Problem
Write out exactly what each line says, starting with the first line below and ending on the one with "obtain \<eta> where".

+-------+

lemma complex_add_subgroup_discrete:
  fixes H :: "complex set"
  assumes H: "add_subgroup H" and e: "e > 0"
    and sep: "\<And>h. h \<in> H \<Longrightarrow> h \<noteq> 0 \<Longrightarrow> e \<le> norm h"
  shows "\<exists>\<mu>. int_valued_functional \<mu> H"
proof (cases "H \<subseteq> {0}")
  case True
  then have "int_valued_functional 1 H" by (auto simp: int_valued_functional_def)
  then show ?thesis ..
next
  case False
  define P where "P = norm ` (H - {0})"
  have P: "P \<noteq> {}" "bdd_below P" using False by (auto simp: P_def intro: bdd_belowI[of _ 0])
  define \<delta> where "\<delta> = Inf P"
  have "e \<le> \<delta>" unfolding \<delta>_def by (rule cInf_greatest[OF P(1)]) (auto simp: P_def intro!: sep)
  have \<delta>: "\<delta> \<le> norm h" if "h \<in> H" "h \<noteq> 0" for h
    unfolding \<delta>_def using that by (intro cInf_lower[OF _ P(2)]) (auto simp: P_def)
  have "\<exists>p\<in>P. p < 2 * \<delta>" using cInf_less_iff[OF P, of "2 * \<delta>"] \<open>e \<le> \<delta>\<close> e by (simp add: \<delta>_def)
  then obtain d where d: "d \<in> H" "d \<noteq> 0" "norm d < 2 * \<delta>" by (auto simp: P_def)
  obtain \<eta> where "\<eta> > 0" "\<And>h. h \<in> H \<Longrightarrow> \<not> (0 < Im (h / d) \<and> Im (h / d) < \<eta>)"
    using complex_add_subgroup_Im_gap_of_short[OF H \<delta> d] by blast
  then show ?thesis using complex_add_subgroup_Im_gap[OF H d(2)] by blast
qed

lemma complex_add_subgroup_dense_of_small_independent:
  fixes H :: "complex set"
  assumes H: "add_subgroup H"
    and small: "\<And>e. e > 0 \<Longrightarrow> \<exists>u\<in>H. \<exists>v\<in>H. norm u < e \<and> norm v < e \<and> Im (v / u) \<noteq> 0"
  shows "closure H = UNIV"
proof -
  have "w \<in> closure H" for w
  proof (unfold closure_approachable, intro allI impI)
    fix e :: real assume "e > 0"
    then obtain u v where uv: "u \<in> H" "v \<in> H" "norm u < e / 2" "norm v < e / 2" "Im (v / u) \<noteq> 0"
      using small[of "e / 2"] by auto
    then have "u \<noteq> 0" by auto
    define \<rho> where "\<rho> = v / u"
    define \<omega> where "\<omega> = w / u"
    define b where "b = Im \<omega> / Im \<rho>"
    define a where "a = Re \<omega> - b * Re \<rho>"
    have "\<omega> = of_real a + of_real b * \<rho>"
      using uv(5) by (simp add: complex_eq_iff a_def b_def \<rho>_def[symmetric])
    then have w: "w = of_real a * u + of_real b * v"
      using \<open>u \<noteq> 0\<close> by (simp add: \<omega>_def \<rho>_def field_simps)
    define h where "h = of_int \<lfloor>a\<rfloor> * u + of_int \<lfloor>b\<rfloor> * v"
    have "h \<in> H"
      unfolding h_def using H add_subgroup_of_int_mult[OF H uv(1)] add_subgroup_of_int_mult[OF H uv(2)]
      by (simp add: add_subgroup_def)
    have "w - h = of_real (frac a) * u + of_real (frac b) * v"
      unfolding w h_def frac_def by (simp add: algebra_simps)
    then have "norm (w - h) \<le> norm (of_real (frac a) * u) + norm (of_real (frac b) * v)"
      by (simp only: norm_triangle_ineq)
    also have "\<dots> = frac a * norm u + frac b * norm v" by (simp add: norm_mult frac_ge_0)
    also have "\<dots> \<le> norm u + norm v"
      by (intro add_mono mult_left_le_one_le) (auto simp: frac_lt_1 less_imp_le)
    also have "\<dots> < e" using uv by simp
    finally show "\<exists>y\<in>H. dist y w < e" using \<open>h \<in> H\<close> by (auto simp: dist_norm norm_minus_commute)
  qed
  then show ?thesis by auto
qed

+-------+

Answer section
lemma complex_add_subgroup_discrete:
  fixes H :: "complex set"
  assumes H: "add_subgroup H" and e: "e > 0"
    and sep: "\<And>h. h \<in> H \<Longrightarrow> h \<noteq> 0 \<Longrightarrow> e \<le> norm h"
  shows "\<exists>\<mu>. int_valued_functional \<mu> H"
proof (cases "H \<subseteq> {0}")
  case True
  then have "int_valued_functional 1 H" by (auto simp: int_valued_functional_def)
  then show ?thesis ..
next
  case False
  define P where "P = norm ` (H - {0})"
  have P: "P \<noteq> {}" "bdd_below P" using False by (auto simp: P_def intro: bdd_belowI[of _ 0])
  define \<delta> where "\<delta> = Inf P"
  have "e \<le> \<delta>" unfolding \<delta>_def by (rule cInf_greatest[OF P(1)]) (auto simp: P_def intro!: sep)
  have \<delta>: "\<delta> \<le> norm h" if "h \<in> H" "h \<noteq> 0" for h
    unfolding \<delta>_def using that by (intro cInf_lower[OF _ P(2)]) (auto simp: P_def)
  have "\<exists>p\<in>P. p < 2 * \<delta>" using cInf_less_iff[OF P, of "2 * \<delta>"] \<open>e \<le> \<delta>\<close> e by (simp add: \<delta>_def)
  then obtain d where d: "d \<in> H" "d \<noteq> 0" "norm d < 2 * \<delta>" by (auto simp: P_def)
  obtain \<eta> where "\<eta> > 0" "\<And>h. h \<in> H \<Longrightarrow> \<not> (0 < Im (h / d) \<and> Im (h / d) < \<eta>)"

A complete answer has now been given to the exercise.